Taming Wildfires Challenge Prize Wildfires are causing massive destruction, what if we could change that?
The problem From Australia to the Arctic, the world is seeing record-breaking fire seasons. Fires are essential to natural ecosystems and a millennia-old land management tool. However, we have recently seen a rise in wildfires unplanned and uncontrolled fires that threaten communities and ecosystems and disrupt economies. The increasing intensity and duration of these fires are both a consequence and a cause of escalating climate change. It is estimated that wildfires in 2021 released 1.76 billion tonnes of carbon globally - 148% more than the EU’s fossil fuel emissions the year before. In addition to climate change, the devastating scale of fires was enabled by unnecessary suppression of smaller fires, leading to vegetation becoming denser and dryer and building up fuel for larger fires in the future. As climate change fundamentally alters ecosystems, there is a growing need to shape technology development towards managing wildfires - monitoring the risks, keeping fires under control and preventing them from escalating.
Why a challenge prize? The next generation of wildfire management systems requires innovation on multiple fronts. A revolutionary enabler comes from monitoring real-time satellite and sensory data and feeding them into advanced prediction algorithms to understand wildfire risks. Taking the most appropriate fire management response requires improving the prediction accuracy and widening the time window of opportunity to take action. A well-informed management strategy will drastically reduce the occurrence of wildfires to begin with. In cases where fire suppression is necessary, the ideal response is to rapidly mobilise autonomous firefighting systems to reach the wildfire's epicentre before it gets out of hand. What if it is too late for surgical intervention? The second best option is to create cutting-edge fire suppression technology that is more cost-effective to deploy and better for the environment when used at scale. Currently, scaling-up wildfire response relies on chartering fuel-hungry cargo planes or helicopters to deliver water or chemical fire retardants, all of which place firefighters in additional danger and are not sustainable going forward. While tremendous progress has been made on all of those fronts, the one thing we desperately lack is successfully putting the pieces together - developing comprehensive, end-to-end solutions that are data-driven and can operate autonomously when the need arises. In addition, it is vital to be able to distinguish between unnecessary fire suppression and preventing a disaster from happening. To make this a reality, the Challenge will bring firefighters together with innovators such as data scientists, robotics and AV experts. Leaders, planners and environmentalists will also be engaged to focus on strategies tailored to regional needs and circumstances. It's impossible to fully appreciate the actual costs of wildfires on a global scale. It is much more than the costs of putting out flames - it includes decimating ecosystems, accelerating climate change, disrupting economies and lives lost to fires and air pollution. By providing incentives today, we can avert future devastation, keep carbon safely locked away and save unimaginable amounts of resources and value.

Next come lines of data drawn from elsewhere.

(* Let $P$ be a finite $(3+1)$-free poset and let $\mathsf a=a_na_{n-1}\cdots a_1$, $\mathsf b=b_nb_{n-1}\cdots b_1$ and $\mathsf v$ be words in the alphabet $P$ such that (i) the words $\mathsf a\mathsf v$ and $\mathsf b\mathsf v$ are $P$-strictly decreasing; (ii) $b_i\not<_Pa_i$ for all $i\in[n]$; (iii) $a_i<_Pb_{i+1}$ for all $i\in[n-1]$. Then $\mathbf{u}_{\mathsf a}\mathbf{u}_{\mathsf v}\mathbf{u}_{\mathsf b}\equiv\mathbf{u}_{\mathsf a}\mathbf{u}_{\mathsf b}\mathbf{u}_{\mathsf v}\pmod{I^P_{\mathrm{plac}}}$.
   Context: $a<_Pb$: strict order; $a\sim_Pb$: incomparable or equal. A word $w_1\cdots w_m$ is $P$-strictly decreasing if $w_1>_Pw_2>_P\cdots>_Pw_m$. $\mathcal{U}_P=\mathbb{Z}\langle u_a:a\in P\rangle$, $\mathbf{u}_w=u_{w_1}\cdots u_{w_m}$. $I^P_{\mathrm{plac}}$ is the two-sided ideal generated by: $u_bu_au_c-u_bu_cu_a$ when $a<_Pb$, $c\not<_Pb$, $a<_Pc$; $u_cu_au_b-u_au_cu_b$ when $b\not<_Pa$, $b<_Pc$, $a<_Pc$; $u_cu_au_b-u_bu_cu_a$ when $a\sim_Pb$, $b\sim_Pc$, $a<_Pc$. *)

theory Defs
  imports Main
begin

text \<open>The poset P is the (finite) type 'a with its partial order.
  Elements of the free associative ring Z<u_a : a in P> are represented as
  finitely supported functions from words (lists over 'a) to int.\<close>

definition incomp :: "'a::order \<Rightarrow> 'a \<Rightarrow> bool" where
  "incomp a b \<longleftrightarrow> \<not> a < b \<and> \<not> b < a"

definition three_one_free :: "'a::order itself \<Rightarrow> bool" where
  "three_one_free _ \<longleftrightarrow> \<not> (\<exists>x y z w :: 'a. x < y \<and> y < z \<and>
      \<not> w \<le> x \<and> \<not> x \<le> w \<and> \<not> w \<le> y \<and> \<not> y \<le> w \<and> \<not> w \<le> z \<and> \<not> z \<le> w)"

definition strictly_decr :: "'a::order list \<Rightarrow> bool" where
  "strictly_decr w \<longleftrightarrow> (\<forall>i. Suc i < length w \<longrightarrow> w ! i > w ! Suc i)"

definition mon :: "'a list \<Rightarrow> ('a list \<Rightarrow> int)" where
  "mon w = (\<lambda>v. if v = w then 1 else 0)"

definition fadd :: "('a list \<Rightarrow> int) \<Rightarrow> ('a list \<Rightarrow> int) \<Rightarrow> ('a list \<Rightarrow> int)" where
  "fadd f g = (\<lambda>w. f w + g w)"

definition fsub :: "('a list \<Rightarrow> int) \<Rightarrow> ('a list \<Rightarrow> int) \<Rightarrow> ('a list \<Rightarrow> int)" where
  "fsub f g = (\<lambda>w. f w - g w)"

definition fin_supp :: "('a list \<Rightarrow> int) \<Rightarrow> bool" where
  "fin_supp f \<longleftrightarrow> finite {w. f w \<noteq> 0}"

definition nc_mult :: "('a list \<Rightarrow> int) \<Rightarrow> ('a list \<Rightarrow> int) \<Rightarrow> ('a list \<Rightarrow> int)" where
  "nc_mult f g = (\<lambda>w. \<Sum>i\<le>length w. f (take i w) * g (drop i w))"

definition plac_gens :: "('a::order list \<Rightarrow> int) set" where
  "plac_gens =
     {fsub (mon [b, a, c]) (mon [b, c, a]) | a b c. a < b \<and> \<not> c < b \<and> a < c}
   \<union> {fsub (mon [c, a, b]) (mon [a, c, b]) | a b c. \<not> b < a \<and> b < c \<and> a < c}
   \<union> {fsub (mon [c, a, b]) (mon [b, c, a]) | a b c. incomp a b \<and> incomp b c \<and> a < c}"

inductive_set two_sided_ideal :: "('a list \<Rightarrow> int) set \<Rightarrow> ('a list \<Rightarrow> int) set"
  for G where
  gen: "g \<in> G \<Longrightarrow> g \<in> two_sided_ideal G"
| zero: "(\<lambda>_. 0) \<in> two_sided_ideal G"
| add: "f \<in> two_sided_ideal G \<Longrightarrow> g \<in> two_sided_ideal G \<Longrightarrow> fadd f g \<in> two_sided_ideal G"
| lmult: "fin_supp p \<Longrightarrow> f \<in> two_sided_ideal G \<Longrightarrow> nc_mult p f \<in> two_sided_ideal G"
| rmult: "fin_supp p \<Longrightarrow> f \<in> two_sided_ideal G \<Longrightarrow> nc_mult f p \<in> two_sided_ideal G"

definition I_plac :: "('a::order list \<Rightarrow> int) set" where
  "I_plac = two_sided_ideal plac_gens"

text \<open>The word a_n a_{n-1} ... a_1 for a :: nat => 'a.\<close>
definition word_down :: "nat \<Rightarrow> (nat \<Rightarrow> 'a) \<Rightarrow> 'a list" where
  "word_down n a = map (\<lambda>j. a (n - j)) [0..<n]"

end

theory Submission
  imports Defs
begin

text \<open>Only the first family of plactic relations is needed: if \<open>c\<close> is not below \<open>x\<close> but above
  every letter of a \<open>P\<close>-strictly decreasing word \<open>w\<close>, then \<open>x w c \<equiv> x c w\<close>, by moving \<open>c\<close> leftwards
  one letter at a time with \<open>x' y c \<equiv> x' c y\<close>. Induction on \<open>n\<close>, peeling off \<open>a\<^sub>n\<close> and \<open>b\<^sub>n\<close>:
  \<open>a\<^sub>n a' v b\<^sub>n b' \<equiv> a\<^sub>n b\<^sub>n a' v b' \<equiv> a\<^sub>n b\<^sub>n a' b' v \<equiv> a\<^sub>n a' b\<^sub>n b' v\<close>, where the outer steps move
  \<open>b\<^sub>n\<close> past \<open>a' v\<close> resp. \<open>a'\<close> (possible because \<open>b\<^sub>n \<not>< a\<^sub>n\<close> and \<open>a\<^sub>n\<^sub>-\<^sub>1 < b\<^sub>n\<close>) and the middle step
  is the induction hypothesis.\<close>

lemma nc_mult_mon: "nc_mult (mon u) (mon w) = mon (u @ w)"
proof (rule ext)
  fix x
  have "nc_mult (mon u) (mon w) x = (\<Sum>i\<le>length x. if i = length u \<and> x = u @ w then 1 else 0)"
    unfolding nc_mult_def
  proof (rule sum.cong[OF refl])
    fix i assume "i \<in> {..length x}"
    then have "(take i x = u \<and> drop i x = w) \<longleftrightarrow> (i = length u \<and> x = u @ w)"
      by (auto simp: min_def)
    moreover have "mon u (take i x) * mon w (drop i x) = (if take i x = u \<and> drop i x = w then 1 else 0)"
      by (simp add: mon_def)
    ultimately show "mon u (take i x) * mon w (drop i x) = (if i = length u \<and> x = u @ w then 1 else 0)"
      by simp
  qed
  also have "\<dots> = mon (u @ w) x"
    by (auto simp: mon_def)
  finally show "nc_mult (mon u) (mon w) x = mon (u @ w) x" .
qed

lemma nc_mult_fsub_right: "nc_mult p (fsub f g) = fsub (nc_mult p f) (nc_mult p g)"
  unfolding nc_mult_def fsub_def by (simp add: right_diff_distrib sum_subtractf)

lemma nc_mult_fsub_left: "nc_mult (fsub f g) p = fsub (nc_mult f p) (nc_mult g p)"
  unfolding nc_mult_def fsub_def by (simp add: left_diff_distrib sum_subtractf)

lemma fin_supp_mon: "fin_supp (mon w)"
  unfolding fin_supp_def mon_def by simp

lemma two_sided_ideal_uminus:
  assumes "f \<in> two_sided_ideal G"
  shows "(\<lambda>x. - f x) \<in> two_sided_ideal G"
proof -
  define minus_one :: "'a list \<Rightarrow> int" where "minus_one = (\<lambda>x. - mon [] x)"
  have "fin_supp minus_one"
    using fin_supp_mon[of "[]"] by (simp add: fin_supp_def minus_one_def)
  moreover have "nc_mult minus_one f = (\<lambda>x. - f x)"
  proof
    fix x
    have "nc_mult minus_one f x = (\<Sum>i\<le>length x. if i = 0 then - f x else 0)"
      unfolding nc_mult_def
    proof (rule sum.cong[OF refl])
      fix i assume "i \<in> {..length x}"
      then show "minus_one (take i x) * f (drop i x) = (if i = 0 then - f x else 0)"
        by (cases x) (simp_all add: minus_one_def mon_def)
    qed
    then show "nc_mult minus_one f x = - f x" by simp
  qed
  ultimately show ?thesis
    using assms two_sided_ideal.lmult by metis
qed

definition mon_cong :: "('a list \<Rightarrow> int) set \<Rightarrow> 'a list \<Rightarrow> 'a list \<Rightarrow> bool" where
  "mon_cong G u w \<longleftrightarrow> fsub (mon u) (mon w) \<in> two_sided_ideal G"

lemma mon_cong_refl: "mon_cong G u u"
proof -
  have "fsub (mon u) (mon u) = (\<lambda>_. 0)" by (simp add: fsub_def)
  then show ?thesis unfolding mon_cong_def by (simp add: two_sided_ideal.zero)
qed

lemma mon_cong_sym:
  assumes "mon_cong G u w"
  shows "mon_cong G w u"
proof -
  have "(\<lambda>x. - fsub (mon u) (mon w) x) = fsub (mon w) (mon u)"
    by (simp add: fsub_def)
  then show ?thesis
    using assms two_sided_ideal_uminus unfolding mon_cong_def by metis
qed

lemma mon_cong_trans [trans]:
  assumes "mon_cong G u v" "mon_cong G v w"
  shows "mon_cong G u w"
proof -
  have "fadd (fsub (mon u) (mon v)) (fsub (mon v) (mon w)) = fsub (mon u) (mon w)"
    by (simp add: fadd_def fsub_def)
  then show ?thesis
    using assms two_sided_ideal.add unfolding mon_cong_def by metis
qed

lemma mon_cong_append:
  assumes "mon_cong G u w"
  shows "mon_cong G (p @ u @ s) (p @ w @ s)"
proof -
  have "nc_mult (nc_mult (mon p) (fsub (mon u) (mon w))) (mon s) \<in> two_sided_ideal G"
    using assms unfolding mon_cong_def
    by (intro two_sided_ideal.rmult two_sided_ideal.lmult fin_supp_mon)
  then show ?thesis
    unfolding mon_cong_def by (simp add: nc_mult_fsub_left nc_mult_fsub_right nc_mult_mon)
qed

lemma mon_cong_plac_swap:
  fixes x y c :: "'a::order"
  assumes "y < x" "\<not> c < x" "y < c"
  shows "mon_cong plac_gens [x, y, c] [x, c, y]"
proof -
  have "fsub (mon [x, y, c]) (mon [x, c, y]) \<in> plac_gens"
    unfolding plac_gens_def using assms by blast
  then show ?thesis
    unfolding mon_cong_def by (rule two_sided_ideal.gen)
qed

lemma mon_cong_plac_move_left:
  fixes c :: "'a::order"
  assumes "sorted_wrt (>) (x # w)" "\<not> c < x" "\<forall>z\<in>set w. z < c"
  shows "mon_cong plac_gens (x # w @ [c]) (x # c # w)"
  using assms
proof (induction w arbitrary: x)
  case Nil
  then show ?case by (simp add: mon_cong_refl)
next
  case (Cons y w)
  have "y < x" "y < c"
    using Cons.prems by simp_all
  have swap: "mon_cong plac_gens [x, y, c] [x, c, y]"
    using mon_cong_plac_swap \<open>y < x\<close> \<open>y < c\<close> Cons.prems(2) by blast
  have "mon_cong plac_gens (y # w @ [c]) (y # c # w)"
    using Cons.IH[of y] Cons.prems \<open>y < c\<close> by auto
  then have "mon_cong plac_gens (x # y # w @ [c]) (x # y # c # w)"
    using mon_cong_append[of plac_gens _ _ "[x]" "[]"] by simp
  also have "mon_cong plac_gens \<dots> (x # c # y # w)"
    using mon_cong_append[OF swap, of "[]" w] by simp
  finally show ?case
    by simp
qed

lemma word_down_Suc: "word_down (Suc n) a = a (Suc n) # word_down n a"
  unfolding word_down_def
  by (simp add: upt_conv_Cons map_Suc_upt[symmetric] del: upt_Suc)

lemma strictly_decr_iff_sorted_wrt: "strictly_decr w \<longleftrightarrow> sorted_wrt (>) w"
  unfolding strictly_decr_def
  by (subst sorted_wrt_iff_nth_Suc_transp) (auto simp: transp_def)

lemma word_down_less:
  fixes a :: "nat \<Rightarrow> 'a::order"
  assumes "sorted_wrt (>) (word_down n a)" "0 < n" "a n < c"
  shows "\<forall>z\<in>set (word_down n a). z < c"
proof -
  obtain m where "n = Suc m"
    using \<open>0 < n\<close> gr0_conv_Suc by blast
  then show ?thesis
    using assms by (auto simp: word_down_Suc)
qed

lemma mon_cong_plac_word_down:
  fixes a b :: "nat \<Rightarrow> 'a::order"
  assumes "sorted_wrt (>) (word_down n a @ v)" "sorted_wrt (>) (word_down n b @ v)"
    and "\<forall>i\<in>{1..n}. \<not> b i < a i" "\<forall>i\<in>{1..n-1}. a i < b (i + 1)"
  shows "mon_cong plac_gens (word_down n a @ v @ word_down n b) (word_down n a @ word_down n b @ v)"
  using assms
proof (induction n)
  case 0
  then show ?case by (simp add: word_down_def mon_cong_refl)
next
  case (Suc n)
  let ?A = "a (Suc n)" and ?B = "b (Suc n)" and ?a = "word_down n a" and ?b = "word_down n b"
  have sorted_a: "sorted_wrt (>) (?A # ?a @ v)" and sorted_b: "sorted_wrt (>) (?B # ?b @ v)"
    using Suc.prems(1,2) by (simp_all add: word_down_Suc)
  have "\<not> ?B < ?A"
    using Suc.prems(3) by simp
  have "\<forall>z\<in>set ?a. z < ?B"
  proof (cases "n = 0")
    case False
    then show ?thesis
      using word_down_less[of n a ?B] Suc.prems(4) sorted_a by (simp add: sorted_wrt_append)
  qed (simp add: word_down_def)
  moreover have "\<forall>z\<in>set v. z < ?B"
    using sorted_b by simp
  ultimately have "\<forall>z\<in>set (?a @ v). z < ?B" "\<forall>z\<in>set ?a. z < ?B"
    by auto
  then have move_a_v: "mon_cong plac_gens (?A # (?a @ v) @ [?B]) (?A # ?B # ?a @ v)"
    and move_a: "mon_cong plac_gens (?A # ?a @ [?B]) (?A # ?B # ?a)"
    using mon_cong_plac_move_left[of ?A "?a @ v" ?B] mon_cong_plac_move_left[of ?A ?a ?B]
      sorted_a \<open>\<not> ?B < ?A\<close> by (simp_all add: sorted_wrt_append)
  have "\<forall>i\<in>{1..n}. \<not> b i < a i" "\<forall>i\<in>{1..n-1}. a i < b (i + 1)"
    using Suc.prems(3,4) by auto
  then have IH: "mon_cong plac_gens (?a @ v @ ?b) (?a @ ?b @ v)"
    using Suc.IH sorted_a sorted_b by (simp add: sorted_wrt_append)
  have "mon_cong plac_gens (?A # ?a @ v @ ?B # ?b) (?A # ?B # ?a @ v @ ?b)"
    using mon_cong_append[OF move_a_v, of "[]" ?b] by simp
  also have "mon_cong plac_gens \<dots> (?A # ?B # ?a @ ?b @ v)"
    using mon_cong_append[OF IH, of "[?A, ?B]" "[]"] by simp
  also have "mon_cong plac_gens \<dots> (?A # ?a @ ?B # ?b @ v)"
    using mon_cong_sym[OF mon_cong_append[OF move_a, of "[]" "?b @ v"]] by simp
  finally show ?case
    by (simp add: word_down_Suc)
qed

theorem mainTheorem14:
  fixes a b :: "nat \<Rightarrow> 'a::{order,finite}" and v :: "'a list" and n :: nat
  assumes "three_one_free TYPE('a)"
    and "strictly_decr (word_down n a @ v)"
    and "strictly_decr (word_down n b @ v)"
    and "\<forall>i\<in>{1..n}. \<not> b i < a i"
    and "\<forall>i\<in>{1..n-1}. a i < b (i + 1)"
  shows "fsub (nc_mult (nc_mult (mon (word_down n a)) (mon v)) (mon (word_down n b)))
         (nc_mult (nc_mult (mon (word_down n a)) (mon (word_down n b))) (mon v)) \<in> I_plac"
proof -
  have "mon_cong plac_gens (word_down n a @ v @ word_down n b) (word_down n a @ word_down n b @ v)"
    using mon_cong_plac_word_down assms(2-5) by (simp add: strictly_decr_iff_sorted_wrt)
  then show ?thesis
    unfolding mon_cong_def I_plac_def by (simp add: nc_mult_mon)
qed

end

A £10m prize fund for breakthrough data-driven and autonomous systems that can distinguish between useful fires and potentially devastating wildfires and action an appropriate response The Taming Wildfires Challenge Prize Taming Wildfires Challenge focuses on developing revolutionary data-driven and autonomous systems that keep wildfires under control - using fires as a natural land management tool but preventing them from escalating into wildfires of devastating proportions.